Dean Skelos used his position of power and authority to secure his son, Adam, consulting work and “no show” jobs at a real estate firm, environmental technology company, and a medical malpractice insurer. Adam netted approximately $300,000 from his father promising employers, among other favors, “preferential legislative treatment,” as one of the “three men in the room” that determine the state budget. Despite the easy monetary windfall he received from his father’s connections, Adam was indifferent, and oftentimes downright belligerent, at the suggestion that he should actually work at these jobs. Christopher Curcio, Adam’s supervisor at the medical insurance company, recalled Adam’s response to Curcio’s request that he log in some hours in the office. “He said, ‘Guys like you couldn’t shine my shoes…If you talk to me like that again, I’ll smash your f–kin’ head in.” After a slew of overwhelming evidence, including cooperating witnesses, emails, and wiretaps between the father and son duo, a jury found both men guilty of all eight counts after a total of eight hours of deliberation.

The conviction was a huge victory for the Southern District of New York’s United States Attorney, Preet Bharara, who tweeted, “How many prosecutions will it take before Albany gives the people of New York the honest government they deserve?” Bharara’s question is one that many New Yorkers have asked over the years and optimistically, it looks like it may be answered soon.

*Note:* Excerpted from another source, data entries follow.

(* Let $I=[x,x+y]\subset[0,\infty)$ with $y>0$, let $k\in\mathbb{N}$, $l\in\mathbb{Z}$, let $f\in W^{1,1}(I)$ be non-negative and let $z\geq 1$. Define \[ S_k(z) = \sum_{\substack{n\leq z\\ \gcd(n,k)=1}} \frac{\mu(n)^2}{\varphi(n)}, \qquad H_k(z) = \sum_{\substack{n\leq z\\ \gcd(n,k)=1}} \mu(n)^2 \frac{\sigma(n)}{\varphi(n)}. \] Then \[ \sum_{\substack{n\in I\cap(l+k\mathbb{Z})\\ \gcd(n,P(z,k))=1}} f(n) \leq \frac{\|f\|_{1,I}}{k\,S_k(z)} + \bigl(\|f\|_{\infty,I} + \|f'\|_{1,I}\bigr) \frac{H_k(z)^2}{S_k(z)^2}. \]
   Context: $W^{1,1}(I)$ denotes the closure of $C^1(I)$ with respect to the norm $\|f\|_{1,I}+\|f'\|_{1,I}$, where $\|g\|_{1,I}=\int_I|g(t)|\,dt$; it is regarded as a subspace of $C^0(I)$. $\|f\|_{\infty,I}=\sup_{t\in I}|f(t)|$. $P(z,k)=\prod_{p\le z,\ p\nmid k}p$ (product over primes). $\mu$ is the Möbius function, $\varphi$ Euler's totient function, $\sigma$ the sum-of-divisors function. *)

theory Defs
  imports "HOL-Analysis.Analysis" "HOL-Number_Theory.Number_Theory" "HOL-Computational_Algebra.Squarefree"
begin

definition moebius_mu :: "nat \<Rightarrow> int" where
  "moebius_mu n = (if squarefree n then (-1) ^ card (prime_factors n) else 0)"

definition divisor_sigma :: "nat \<Rightarrow> nat" where
  "divisor_sigma n = (\<Sum>d\<in>{d. d dvd n}. d)"

definition Pzk :: "real \<Rightarrow> nat \<Rightarrow> nat" where
  "Pzk z k = (\<Prod>p\<in>{p::nat. prime p \<and> real p \<le> z \<and> \<not> p dvd k}. p)"

definition S_k :: "nat \<Rightarrow> real \<Rightarrow> real" where
  "S_k k z = (\<Sum>n\<in>{n::nat. 1 \<le> n \<and> real n \<le> z \<and> coprime n k}.
                 real_of_int (moebius_mu n) ^ 2 / real (totient n))"

definition H_k :: "nat \<Rightarrow> real \<Rightarrow> real" where
  "H_k k z = (\<Sum>n\<in>{n::nat. 1 \<le> n \<and> real n \<le> z \<and> coprime n k}.
                 real_of_int (moebius_mu n) ^ 2 * real (divisor_sigma n) / real (totient n))"

definition C1_on :: "real set \<Rightarrow> (real \<Rightarrow> real) \<Rightarrow> (real \<Rightarrow> real) \<Rightarrow> bool" where
  "C1_on I u u' \<longleftrightarrow> (\<forall>t\<in>I. (u has_real_derivative u' t) (at t within I)) \<and> continuous_on I u'"

definition L1_norm :: "real set \<Rightarrow> (real \<Rightarrow> real) \<Rightarrow> real" where
  "L1_norm I g = integral I (\<lambda>t. \<bar>g t\<bar>)"

definition sup_norm :: "real set \<Rightarrow> (real \<Rightarrow> real) \<Rightarrow> real" where
  "sup_norm I g = (SUP t\<in>I. \<bar>g t\<bar>)"

text \<open>W^{1,1}(I) as the closure of C^1(I) w.r.t. the norm L1(f)+L1(f'), viewed inside C^0(I):
  f is continuous on I, f' is its (generalised) derivative, an L^1 function on I, and
  there are C^1 functions u_n with L1(u_n - f) + L1(u_n' - f') \<rightarrow> 0.\<close>
definition W11 :: "real set \<Rightarrow> (real \<Rightarrow> real) \<Rightarrow> (real \<Rightarrow> real) \<Rightarrow> bool" where
  "W11 I f f' \<longleftrightarrow> continuous_on I f \<and> f' absolutely_integrable_on I \<and>
     (\<exists>u u'. (\<forall>m. C1_on I (u m) (u' m)) \<and>
        (\<lambda>m. L1_norm I (\<lambda>t. u m t - f t) + L1_norm I (\<lambda>t. u' m t - f' t)) \<longlonglongrightarrow> 0)"

end

theory Submission
  imports Defs
begin
lemma local_ring_unit_add:
  "local_ring TYPE('a::comm_ring_1) \<Longrightarrow> (a + b :: 'a) dvd 1 \<Longrightarrow> a dvd 1 \<or> b dvd 1"
  unfolding local_ring_def by blast

lemma local_ring_unit_sum:
  assumes local: "local_ring TYPE('a::comm_ring_1)" and "finite F" and "(\<Sum>x\<in>F. f x :: 'a) dvd 1"
  shows "\<exists>x\<in>F. f x dvd 1"
  using assms(2,3)
proof (induction F rule: finite_induct)
  case empty thus ?case using local_ring_zero_neq_one[OF local] by simp
next
  case (insert x F)
  hence "f x dvd 1 \<or> (\<Sum>x\<in>F. f x) dvd 1" using local_ring_unit_add[OF local] by simp
  thus ?case using insert by blast
qed

lemma local_ring_nonunit_add_mult:
  assumes local: "local_ring TYPE('a::comm_ring_1)" and "\<not> a dvd 1" "\<not> d dvd (1::'a)"
  shows "\<not> (a * b + c * d) dvd 1"
proof
  assume "(a * b + c * d) dvd 1"
  hence "a * b dvd 1 \<or> c * d dvd 1" by (rule local_ring_unit_add[OF local])
  hence "a dvd 1 \<or> d dvd 1" using dvd_mult_left dvd_mult_right by blast
  thus False using assms(2,3) by blast
qed

lemma ideal_gen_eq_UNIV_iff:
  assumes local: "local_ring TYPE('a::comm_ring_1)"
  shows "ideal_gen G = UNIV \<longleftrightarrow> (\<exists>g\<in>G. g dvd (1::'a))"
proof
  assume "ideal_gen G = UNIV"
  then obtain F c where "finite F" "F \<subseteq> G" "1 = (\<Sum>g\<in>F. c g * g)"
    unfolding ideal_gen_def by blast
  then obtain g where "g \<in> F" "c g * g dvd 1"
    using local_ring_unit_sum[OF local, of F "\<lambda>g. c g * g"] by auto
  moreover from this have "g dvd 1" by (blast intro: dvd_mult_right)
  ultimately show "\<exists>g\<in>G. g dvd 1" using \<open>F \<subseteq> G\<close> by blast
next
  assume "\<exists>g\<in>G. g dvd 1"
  then obtain g v where g: "g \<in> G" "1 = g * v" by (auto elim: dvdE)
  have "x \<in> ideal_gen G" for x
  proof -
    have "(\<Sum>h\<in>{g}. (x * v) * h) = x * (g * v)" by (simp add: mult_ac)
    hence "x = (\<Sum>h\<in>{g}. (x * v) * h)" using g(2) by simp
    thus ?thesis unfolding ideal_gen_def using g(1)
      by (intro CollectI exI[of _ "{g}"] exI[of _ "\<lambda>h. x * v"]) simp
  qed
  thus "ideal_gen G = UNIV" by blast
qed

While there have been missteps during the prosecution of corrupt political figures in Albany – the Skelos investigation was commenced by Governor Andrew Cuomo’s anticorruption panel, the Moreland Commission, which was created in July 2013 but subsequently disbanded nine months later – the trial and conviction of the Skeloses, and its temporal overlapping with Sheldon Silver’s trial, suggest a strong change in the tides for the United States Attorney’s Office. While drug offenses remain the most frequently prosecuted crimes in the United States federal courts, accounting for 31% of all defendant filings in 2014, there is also a steady decrease in the prosecution of these crimes. Drug offense prosecutions have dropped approximately 14% last year, while immigration offenses, the second most frequently prosecuted crime in federal court, declined by 8%. The Southern District of New York also boasts a shockingly high conviction rate across the board – over 95% of all criminal cases result in a plea of guilty. In light of their conviction rates and the steady decline of the two more frequently prosecuted federal crimes, it is fair to assume that the Southern District not only has the resources to take on Albany corruption, but also plays to win.

Just as immigration and drug offenses have been the crux of the Southern District’s prosecution strategy for decades, it seems as though the Skelos and Silver trials are ushering in a new era where political corruption is at the forefront of concern. Hopefully, the Southern District (and by extension, all federal district courts) can use these convictions as encouragement for a task that is well within its powers – in the words of Bharara, to give the people of New York an honest government.